Japan’s currency jumped 3.4 percent versus the dollar last week and has appreciated against all its 16 major peers this year as investors flock to haven assets amid a rout in stocks around the world. The yen was little changed Monday at 123.18 per euro, and last week reached the strongest level in a month.
A measure of purchasing power parity from the Organisation for Economic Co-operation and Development suggests the Japanese currency is still almost 2 percent undervalued versus the dollar.
“Japan’s biggest problem with the current yen rally is that it is justified by fundamentals,” George Saravelos, a strategist at Deutsche Bank in London, wrote in a client noted dated April 11.

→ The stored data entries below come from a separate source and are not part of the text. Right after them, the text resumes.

definition simplicial_complex :: "'v set set \<Rightarrow> bool" where
  "simplicial_complex K \<longleftrightarrow> finite K \<and>
     (\<forall>\<sigma>\<in>K. finite \<sigma> \<and> \<sigma> \<noteq> {} \<and> (\<forall>\<tau>. \<tau> \<subseteq> \<sigma> \<and> \<tau> \<noteq> {} \<longrightarrow> \<tau> \<in> K))"

definition cl :: "'v set set \<Rightarrow> 'v set \<Rightarrow> 'v set set" where
  "cl K \<sigma> = {\<tau>\<in>K. \<tau> \<subseteq> \<sigma>}"

definition convex_in :: "'v set set \<Rightarrow> 'v set set \<Rightarrow> bool" where
  "convex_in K V \<longleftrightarrow> V \<subseteq> K \<and>
     (\<forall>\<sigma>\<in>V. \<forall>\<tau>\<in>V. \<forall>\<mu>\<in>K. \<sigma> \<subseteq> \<mu> \<and> \<mu> \<subseteq> \<tau> \<longrightarrow> \<mu> \<in> V)"

definition multivector_field :: "'v set set \<Rightarrow> 'v set set set \<Rightarrow> bool" where
  "multivector_field K \<V> \<longleftrightarrow>
     (\<forall>V\<in>\<V>. V \<noteq> {} \<and> convex_in K V) \<and> \<Union>\<V> = K \<and>
     (\<forall>V\<in>\<V>. \<forall>W\<in>\<V>. V \<noteq> W \<longrightarrow> V \<inter> W = {})"

definition mvf_class :: "'v set set set \<Rightarrow> 'v set \<Rightarrow> 'v set set" where
  "mvf_class \<V> \<sigma> = (THE V. V \<in> \<V> \<and> \<sigma> \<in> V)"

definition mvf_F :: "'v set set \<Rightarrow> 'v set set set \<Rightarrow> 'v set \<Rightarrow> 'v set set" where
  "mvf_F K \<V> \<sigma> = mvf_class \<V> \<sigma> \<union> cl K \<sigma>"

definition is_path :: "'v set set \<Rightarrow> 'v set set set \<Rightarrow> 'v set list \<Rightarrow> bool" where
  "is_path K \<V> xs \<longleftrightarrow> xs \<noteq> [] \<and> set xs \<subseteq> K \<and>
     (\<forall>k. Suc k < length xs \<longrightarrow> xs ! Suc k \<in> mvf_F K \<V> (xs ! k))"

(* Morse decomposition indexed by the finite poset (P, leP); (q,p) \<in> leP means q \<le>_P p *)
definition morse_decomposition ::
  "'v set set \<Rightarrow> 'v set set set \<Rightarrow> 'p set \<Rightarrow> ('p \<times> 'p) set \<Rightarrow> ('p \<Rightarrow> 'v set set) \<Rightarrow> bool" where
  "morse_decomposition K \<V> P leP M \<longleftrightarrow>
     finite P \<and> leP \<subseteq> P \<times> P \<and> partial_order_on P leP \<and>
     (\<forall>p\<in>P. M p \<noteq> {}) \<and> (\<Union>p\<in>P. M p) = K \<and>
     (\<forall>p\<in>P. \<forall>q\<in>P. p \<noteq> q \<longrightarrow> M p \<inter> M q = {}) \<and>
     (\<forall>p\<in>P. \<forall>q\<in>P. \<forall>xs. is_path K \<V> xs \<and> hd xs \<in> M p \<and> last xs \<in> M q \<longrightarrow> (q, p) \<in> leP)"

definition morse_index :: "'p set \<Rightarrow> ('p \<Rightarrow> 'v set set) \<Rightarrow> 'v set \<Rightarrow> 'p" where
  "morse_index P M \<sigma> = (THE p. p \<in> P \<and> \<sigma> \<in> M p)"

definition admissible_enumeration ::
  "'v set set \<Rightarrow> 'p set \<Rightarrow> ('p \<times> 'p) set \<Rightarrow> ('p \<Rightarrow> 'v set set) \<Rightarrow> nat \<Rightarrow> (nat \<Rightarrow> 'v set) \<Rightarrow> bool" where
  "admissible_enumeration K P leP M n \<sigma> \<longleftrightarrow>
     bij_betw \<sigma> {1..n} K \<and>
     (\<exists>lin. linear_order_on P lin \<and> lin \<subseteq> P \<times> P \<and> leP \<subseteq> lin \<and>
        (\<forall>i\<in>{1..n}. \<forall>j\<in>{1..n}. i \<le> j \<longrightarrow>
            (morse_index P M (\<sigma> i), morse_index P M (\<sigma> j)) \<in> lin)) \<and>
     (\<forall>i\<in>{1..n}. \<forall>j\<in>{1..n}. \<sigma> i \<subset> \<sigma> j \<longrightarrow> i < j)"
lemma fan_not_subset_doubleton:
  assumes "finite L" "3 \<le> card L" "a \<notin> L" "b \<notin> L"
  shows "\<not> (\<lambda>l. {a, b, l}) ` L \<subseteq> {s, t}"
proof
  assume sub: "(\<lambda>l. {a, b, l}) ` L \<subseteq> {s, t}"
  have "inj_on (\<lambda>l. {a, b, l}) L"
    using assms(3,4) by (auto intro!: inj_onI simp: insert_eq_iff)
  then have "card ((\<lambda>l. {a, b, l}) ` L) = card L" by (rule card_image)
  moreover have "card ((\<lambda>l. {a, b, l}) ` L) \<le> card {s, t}" using sub by (intro card_mono) simp_all
  moreover have "card {s, t} \<le> 2" by (simp add: card_insert_le_m1)
  ultimately show False using assms(2) by linarith
qed

(* A vertex of Z lies in at most two edges of the extended set, namely e and {c, x, z}. *)
lemma hat3_hubs_outside_pages:
  assumes frame: "hat_frame u v w L n" "3 \<le> n"
    and sub: "hat3 u v w L \<subseteq> insert e (A \<union> book c x Z)"
    and Z: "Z \<inter> \<Union>A = {}" "c \<notin> Z" "x \<notin> Z"
  shows "u \<notin> Z" "v \<notin> Z" "w \<notin> Z"
proof -
  have fr: "finite L" "3 \<le> card L" "u \<notin> L" "v \<notin> L" "w \<notin> L"
    using frame unfolding hat_frame_def by auto
  have hub: "p \<notin> Z"
    if "p \<in> {a, b}" "(\<lambda>l. {a, b, l}) ` L \<subseteq> hat3 u v w L" "a \<notin> L" "b \<notin> L" for a b p
  proof
    assume "p \<in> Z"
    then have "(\<lambda>l. {a, b, l}) ` L \<subseteq> {e, {c, x, p}}"
      using edge_through_page_vertex[OF subsetD[OF sub] _ _ Z] that(1,2) by blast
    then show False using fan_not_subset_doubleton[OF fr(1,2) that(3,4)] by blast
  qed
  have fans: "(\<lambda>l. {u, w, l}) ` L \<subseteq> hat3 u v w L" "(\<lambda>l. {v, w, l}) ` L \<subseteq> hat3 u v w L"
    unfolding hat3_def by auto
  show "u \<notin> Z" "v \<notin> Z" "w \<notin> Z"
    using hub[OF _ fans(1)] hub[OF _ fans(2)] fr(3-5) by simp_all
qed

Speculators increased bets on yen gains against the dollar to 98,130 contacts in the week ended April 5, the most in Commodity Futures Trading Commission data starting in 1992. In mid-December, bullish yen contracts were at a 10-month low of 26,400.
The yen’s surge last week pushed up global currency volatility, with a JPMorgan Chase & Co. index approaching the highest since 2011. Price swings accelerated after the yen climbed past 110 per dollar for the first time in 17 months, fueling speculation the central bank would intervene to weaken it.
“The yen can appreciate in the short term, but the market is extremely long,” said Steve Brice, chief investment strategist at Standard Chartered Plc in Singapore. It may strengthen to 106 per dollar, “and then the Bank of Japan may come in and intervene, and push it back beyond 110,” he said.